The vacuum heat insulating material of Comparative Example 1 has a thermal conductivity of 0.0021 (W / mK), which is the same as that of the vacuum heat insulating material 1 of Embodiment 1, but the core material is an outer envelope. It was not possible to prevent the material from being scratched, and the reliability was inferior to that of the vacuum heat insulating material 1 of the first embodiment.

Comparative Example 2
As Comparative Example 2, using a dry glass having an average fiber diameter of 4 μm whose surface was coated with an organic material layer as a core material, a vacuum heat insulating material was produced in the same manner as in Embodiment 1, and the thermal conductivity was measured. In Comparative Example 2, a 0.1% aqueous solution of PVA (polyvinyl alcohol) was used as the coating agent.
The vacuum heat insulating material of Comparative Example 2 can prevent the core material from scratching the outer packaging material by the coating layer on the surface of the core material, but has a thermal conductivity of 0.0022 (W / mK). It was inferior in the point of thermal conductivity compared with the thing of 1 vacuum heat insulating material 1.

Comparative Example 3
As Comparative Example 3, a dry glass having an average fiber diameter of 4 μm was used as a core material, and a LL-DPE (linear low-density polyethylene) film having a thickness of 30 μm was disposed on both sides of the core material. A material was prepared and the thermal conductivity was measured.
The vacuum heat insulating material of Comparative Example 3 can prevent the core material from scratching the outer packaging material by the LL-DPE film disposed on both sides of the core material, but the thermal conductivity is 0.0022 (W / mK). Yes, it was inferior in terms of thermal conductivity as compared with that of the vacuum heat insulating material 1 of the first embodiment.

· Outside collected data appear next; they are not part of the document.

lemma det_gram_twisted_killing_form_gbr_minus_one:
  "\<exists>z :: 4 \<Rightarrow> real^8. det (gram (twisted_killing_form c (gbr (-1))) z) \<noteq> 0"
proof
  define z :: "4 \<Rightarrow> real^8" where
    "z i = (if i = 1 then axis 1 1 else if i = 2 then axis 2 1 + axis 3 1
            else if i = 3 then axis 2 1 - axis 3 1 else axis 8 1)" for i
  have form: "twisted_killing_form c (gbr (-1)) x y
      = 12 * x$1 * y$1 + 6 * (x$2 * y$3 + x$3 * y$2) + 4 * x$8 * y$8" for x y
    by (simp add: twisted_killing_form_def killing_form_gbr ad_trace_gbr)
  have "(z 1)$1 = 1" "(z 1)$2 = 0" "(z 1)$3 = 0" "(z 1)$8 = 0"
       "(z 2)$1 = 0" "(z 2)$2 = 1" "(z 2)$3 = 1" "(z 2)$8 = 0"
       "(z 3)$1 = 0" "(z 3)$2 = 1" "(z 3)$3 = -1" "(z 3)$8 = 0"
       "(z 4)$1 = 0" "(z 4)$2 = 0" "(z 4)$3 = 0" "(z 4)$8 = 1"
    by (simp_all add: z_def axis_def)
  then have "gram (twisted_killing_form c (gbr (-1))) z
      = (\<chi> i j. if i = j then (if i = 3 then -12 else if i = 4 then 4 else 12) else 0)"
    unfolding vec_eq_iff forall_4 by (simp add: gram_def form)
  then have "det (gram (twisted_killing_form c (gbr (-1))) z)
      = (\<Prod>i::4\<in>UNIV. if i = 3 then -12 else if i = 4 then 4 else 12)"
    by (subst det_diagonal) simp_all
  also have "\<dots> = 12 * 12 * (-12) * 4"
    unfolding UNIV_4 by simp
  finally show "det (gram (twisted_killing_form c (gbr (-1))) z) \<noteq> 0"
    by simp
qed
lemma C0_approximable_sum:
  assumes "\<And>i. i \<in> I \<Longrightarrow> C0_approximable (g i)"
  shows "C0_approximable (\<lambda>x. \<Sum>i\<in>I. g i x)"
  using assms
proof (induction I rule: infinite_finite_induct)
  case (insert i I)
  then show ?case using C0_approximable_add[of "g i" "\<lambda>x. \<Sum>i\<in>I. g i x"] by simp
qed (simp_all add: C0_approximable_C0 C0_pos_zero)

lemma lebesgue_closed_open_sandwich:
  assumes "A \<in> sets lebesgue" and "0 < e"
  obtains C U where "closed C" "open U" "C \<subseteq> A" "A \<subseteq> U" "U - C \<in> lmeasurable"
    "measure lebesgue (U - C) < e"
proof -
  have "0 < e / 2" using assms(2) by simp
  obtain C where C: "closed C" "C \<subseteq> A" "A - C \<in> lmeasurable" "emeasure lebesgue (A - C) < ennreal (e / 2)"
    using sets_lebesgue_inner_closed[OF assms(1) \<open>0 < e / 2\<close>] by blast
  obtain U where U: "open U" "A \<subseteq> U" "U - A \<in> lmeasurable" "emeasure lebesgue (U - A) < ennreal (e / 2)"
    using sets_lebesgue_outer_open[OF assms(1) \<open>0 < e / 2\<close>] by blast
  have UC: "U - C = (U - A) \<union> (A - C)" using C(2) U(2) by auto
  have "measure lebesgue (U - A) < e / 2" "measure lebesgue (A - C) < e / 2"
    using U(3,4) C(3,4) by (simp_all add: emeasure_eq_measure2 ennreal_less_iff)
  moreover have "measure lebesgue (U - C) \<le> measure lebesgue (U - A) + measure lebesgue (A - C)"
    unfolding UC by (rule measure_Un_le) (use U(3) C(3) in auto)
  moreover have "U - C \<in> lmeasurable" unfolding UC using U(3) C(3) by (rule fmeasurable.Un)
  ultimately show thesis using that C(1,2) U(1,2) by simp
qed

  Based on the above, it has been found that the vacuum heat insulating material 1 of Embodiment 1 is the most excellent in terms of both heat insulating performance and prevention of bag breaking of the outer packaging material 2. This is because the organic fiber non-woven fabric 4 provided around the core material 3 can prevent the core material 3 from scratching the outer packaging material 2, and the organic fiber non-woven fabric 4 can secure voids, thereby conducting heat conduction. This is probably because the rate decline was prevented.

  Moreover, the vacuum heat insulating material 1 of Embodiment 1 uses polyethylene terephthalate, a polystyrene, a polypropylene, a polylactic acid fiber etc. as a material of the organic fiber which comprises the nonwoven fabric 4. FIG. Since these organic fibers originally have a low thermal conductivity, the heat insulating performance can be improved. Furthermore, since polylactic acid is biodegradable, the disassembled and separated fibers can be landfilled after the use of the product.

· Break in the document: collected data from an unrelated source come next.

lemma dist_amal_emb:
  assumes i: "i \<in> I"
  shows "dist VH EH (em i p) (em i q) = dist (VG i) (EG i) p q"
proof (rule antisym)
  show "dist VH EH (em i p) (em i q) \<le> dist (VG i) (EG i) p q"
    using dist_map_le[OF em_image_subset_VH[OF i]] em_edge[OF i] by blast
  show "dist (VG i) (EG i) p q \<le> dist VH EH (em i p) (em i q)"
  proof (cases "dist VH EH (em i p) (em i q)")
    case (enat n)
    then obtain xs where "walk VH EH xs" "hd xs = em i p" "last xs = em i q" "length xs \<le> Suc n"
      using dist_le_enat_iff by (metis order_refl)
    then have "dist (VG i) (EG i) p q \<le> enat (length xs - 1)" by (intro dist_le_amal_walk[OF i])
    also have "\<dots> \<le> enat n" using \<open>length xs \<le> Suc n\<close> by simp
    finally show ?thesis using enat by simp
  qed simp
qed

end

theorem lemma4:
  fixes I :: "'i set"
    and VG :: "'i \<Rightarrow> 'v set" and EG :: "'i \<Rightarrow> 'v set set"
    and VJ :: "'j set" and EJ :: "'j set set"
    and iota :: "'i \<Rightarrow> 'j \<Rightarrow> 'v"
    and A :: "'i \<Rightarrow> 'v set"
  assumes conn: "\<And>i. i \<in> I \<Longrightarrow> finite (VG i) \<and> connected_graph (VG i) (EG i)"
    and J: "finite VJ" "graph VJ EJ"
    and emb: "\<And>i. i \<in> I \<Longrightarrow> induced_embedding VJ EJ (VG i) (EG i) (iota i)"
    and iso: "\<And>i j a b. \<lbrakk>i \<in> I; j \<in> I; a \<in> VJ; b \<in> VJ\<rbrakk> \<Longrightarrow>
               dist (VG i) (EG i) (iota i a) (iota i b) = dist (VG j) (EG j) (iota j a) (iota j b)"
    and lms: "\<And>i. i \<in> I \<Longrightarrow> local_metric_set (VG i) (EG i) (A i)"
  shows "local_metric_set (amal_V I VG VJ iota) (amal_E I EG VJ iota)
           (\<Union>i\<in>I. amal_emb VJ iota i ` A i)"
proof -
  have "\<And>i. i \<in> I \<Longrightarrow> graph (VG i) (EG i)" using conn unfolding connected_graph_def by blast
  then interpret amalgamation I VG EG VJ EJ iota using emb iso by (rule amalgamation.intro)
  show ?thesis
    unfolding local_metric_set_def
  proof (intro conjI allI impI)
    show "(\<Union>i\<in>I. em i ` A i) \<subseteq> VH"
      using lms unfolding amal_V_def local_metric_set_def by blast
    fix u v assume "{u, v} \<in> EH"
    then obtain i p q where i: "i \<in> I" "{p, q} \<in> EG i" and uv: "u = em i p" "v = em i q"
      by (rule edge_in_copy)
    obtain w where w: "w \<in> A i" "distinguishes (VG i) (EG i) w p q"
      using lms[OF i(1)] i(2) unfolding local_metric_set_def by blast
    then have "distinguishes VH EH (em i w) u v"
      unfolding uv distinguishes_def dist_amal_emb[OF i(1)] by simp
    moreover have "em i w \<in> (\<Union>i\<in>I. em i ` A i)" using i(1) w(1) by blast
    ultimately show "\<exists>w\<in>\<Union>i\<in>I. em i ` A i. distinguishes VH EH w u v" by blast
  qed
qed

end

  Moreover, since the organic fiber which comprises the nonwoven fabric 4 is a continuous fiber, the vacuum heat insulating material 1 of Embodiment 1 is easy to produce the nonwoven fabric 4. FIG.

  In addition, organic fibers have a lower tensile elastic modulus than inorganic fibers and are excellent in flexibility. The vacuum heat insulating material 1 according to the first embodiment has an organic fiber non-woven fabric 4 around an inorganic fiber core material 3, and therefore has good workability when it needs to be bent and used.

Embodiment 2. FIG.
FIG. 3 is a front sectional view schematically showing a heat insulation box (in this embodiment, a refrigerator) according to the second embodiment. In addition, the same code | symbol is attached | subjected to the part same as Embodiment 1, and one part description is abbreviate | omitted.
In FIG. 3, the refrigerator 100 which is a heat insulation box includes an outer box 9, an inner box 10 disposed inside the outer box 9, a vacuum heat insulating material 1 disposed between the outer box 9 and the inner box 10, and A polyurethane foam (heat insulating material) 11 and a refrigeration unit (not shown) for supplying cold heat into the inner box 10 are provided. The outer box 9 and the inner box 10 are each formed with an opening on a common surface, and an opening / closing door (not shown) is installed in the opening, and the internal temperature of the inner box 10 is adjusted by temperature adjusting means. Adjusted.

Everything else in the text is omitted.